<<<<
(* Let $ABC$ be a triangle with incenter $I$ and orthocenter $H$, and let $H_A, H_B, H_C$ be the orthocenters of the triangles $BIC$, $CIA$, $AIB$ respectively. Let $O_A, O_B, O_C$ be the circumcenters of the triangles $AH_BH_C$, $BH_CH_A$, $CH_AH_B$ respectively. Then $H$ is the orthocenter of triangle $O_AO_BO_C$, and $I$ is the Euler reflection point of triangle $O_AO_BO_C$.
   Context: The Euler reflection point of a (non-equilateral) triangle is the common point of the reflections of its Euler line in the three sidelines of the triangle. *)

theory Defs
  imports "HOL-Analysis.Analysis"
begin

definition triangle :: "complex \<Rightarrow> complex \<Rightarrow> complex \<Rightarrow> bool" where
  "triangle A B C \<longleftrightarrow> \<not> collinear {A, B, C}"

definition equilateral :: "complex \<Rightarrow> complex \<Rightarrow> complex \<Rightarrow> bool" where
  "equilateral A B C \<longleftrightarrow> dist A B = dist B C \<and> dist B C = dist C A"

definition incenter :: "complex \<Rightarrow> complex \<Rightarrow> complex \<Rightarrow> complex" where
  "incenter A B C =
     (dist B C *\<^sub>R A + dist C A *\<^sub>R B + dist A B *\<^sub>R C) /\<^sub>R (dist B C + dist C A + dist A B)"

definition orthocenter :: "complex \<Rightarrow> complex \<Rightarrow> complex \<Rightarrow> complex" where
  "orthocenter A B C =
     (THE H. inner (H - A) (B - C) = 0 \<and> inner (H - B) (C - A) = 0 \<and> inner (H - C) (A - B) = 0)"

definition circumcenter :: "complex \<Rightarrow> complex \<Rightarrow> complex \<Rightarrow> complex" where
  "circumcenter A B C = (THE X. dist X A = dist X B \<and> dist X B = dist X C)"

definition centroid :: "complex \<Rightarrow> complex \<Rightarrow> complex \<Rightarrow> complex" where
  "centroid A B C = (A + B + C) / 3"

definition line :: "complex \<Rightarrow> complex \<Rightarrow> complex set" where
  "line P Q = {P + t *\<^sub>R (Q - P) | t. True}"

text \<open>Euler line of a (non-equilateral) triangle: the line through circumcenter and centroid.\<close>
definition euler_line :: "complex \<Rightarrow> complex \<Rightarrow> complex \<Rightarrow> complex set" where
  "euler_line A B C = line (circumcenter A B C) (centroid A B C)"

definition reflect :: "complex \<Rightarrow> complex \<Rightarrow> complex \<Rightarrow> complex" where
  "reflect P Q X = P + (Q - P) * cnj ((X - P) / (Q - P))"

definition euler_reflection_point :: "complex \<Rightarrow> complex \<Rightarrow> complex \<Rightarrow> complex \<Rightarrow> bool" where
  "euler_reflection_point E A B C \<longleftrightarrow>
     triangle A B C \<and> \<not> equilateral A B C \<and>
     E \<in> reflect B C ` euler_line A B C \<and>
     E \<in> reflect C A ` euler_line A B C \<and>
     E \<in> reflect A B ` euler_line A B C"

end

theory Submission
  imports Defs
begin

text \<open>Apply a similarity \<open>p \<mapsto> M + w p\<close> taking the circumcircle of \<open>ABC\<close> to the unit circle and
  write the vertices as \<open>x\<^sup>2, y\<^sup>2, z\<^sup>2\<close>, the signs of the square roots chosen so that
  \<open>-yz, -zx, -xy\<close> are the midpoints of the arcs opposite to the vertices; then the incenter is
  \<open>I = -e\<close> with \<open>e = xy + yz + zx\<close>. The circumcenter of \<open>BIC\<close> is the arc midpoint \<open>-yz\<close>, so
  Sylvester's relation gives \<open>H\<^sub>A = (y + z)\<^sup>2 - e\<close>, and a direct computation gives
  \<open>O\<^sub>A = s x - 2e\<close> with \<open>s = x + y + z\<close>. Hence \<open>O\<^sub>AO\<^sub>BO\<^sub>C\<close> is the image of the triangle
  \<open>xyz\<close> under \<open>u \<mapsto> s u - 2e\<close>. For a triangle \<open>xyz\<close> inscribed in the unit circle the
  orthocenter is \<open>s\<close> and the Euler reflection point is \<open>e / s\<close>; their images are
  \<open>s\<^sup>2 - 2e = x\<^sup>2 + y\<^sup>2 + z\<^sup>2 = H\<close> and \<open>-e = I\<close>.\<close>

section \<open>Triangle centres in the complex plane\<close>

lemma collinear_3_iff_Reals: "collinear {A, B, C :: complex} \<longleftrightarrow> (C - B) / (A - B) \<in> \<real>"
  by (simp add: collinear_3 collinear_iff_Reals)

lemma triangle_distinct: "triangle A B C \<Longrightarrow> A \<noteq> B \<and> B \<noteq> C \<and> C \<noteq> A"
  by (auto simp: triangle_def insert_commute)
>>>>
Task instructions – Return only the lines spanning from the first line of the material through the line with "theory Defs", copied exactly, both ends kept.

Answer below –
(* Let $ABC$ be a triangle with incenter $I$ and orthocenter $H$, and let $H_A, H_B, H_C$ be the orthocenters of the triangles $BIC$, $CIA$, $AIB$ respectively. Let $O_A, O_B, O_C$ be the circumcenters of the triangles $AH_BH_C$, $BH_CH_A$, $CH_AH_B$ respectively. Then $H$ is the orthocenter of triangle $O_AO_BO_C$, and $I$ is the Euler reflection point of triangle $O_AO_BO_C$.
   Context: The Euler reflection point of a (non-equilateral) triangle is the common point of the reflections of its Euler line in the three sidelines of the triangle. *)

theory Defs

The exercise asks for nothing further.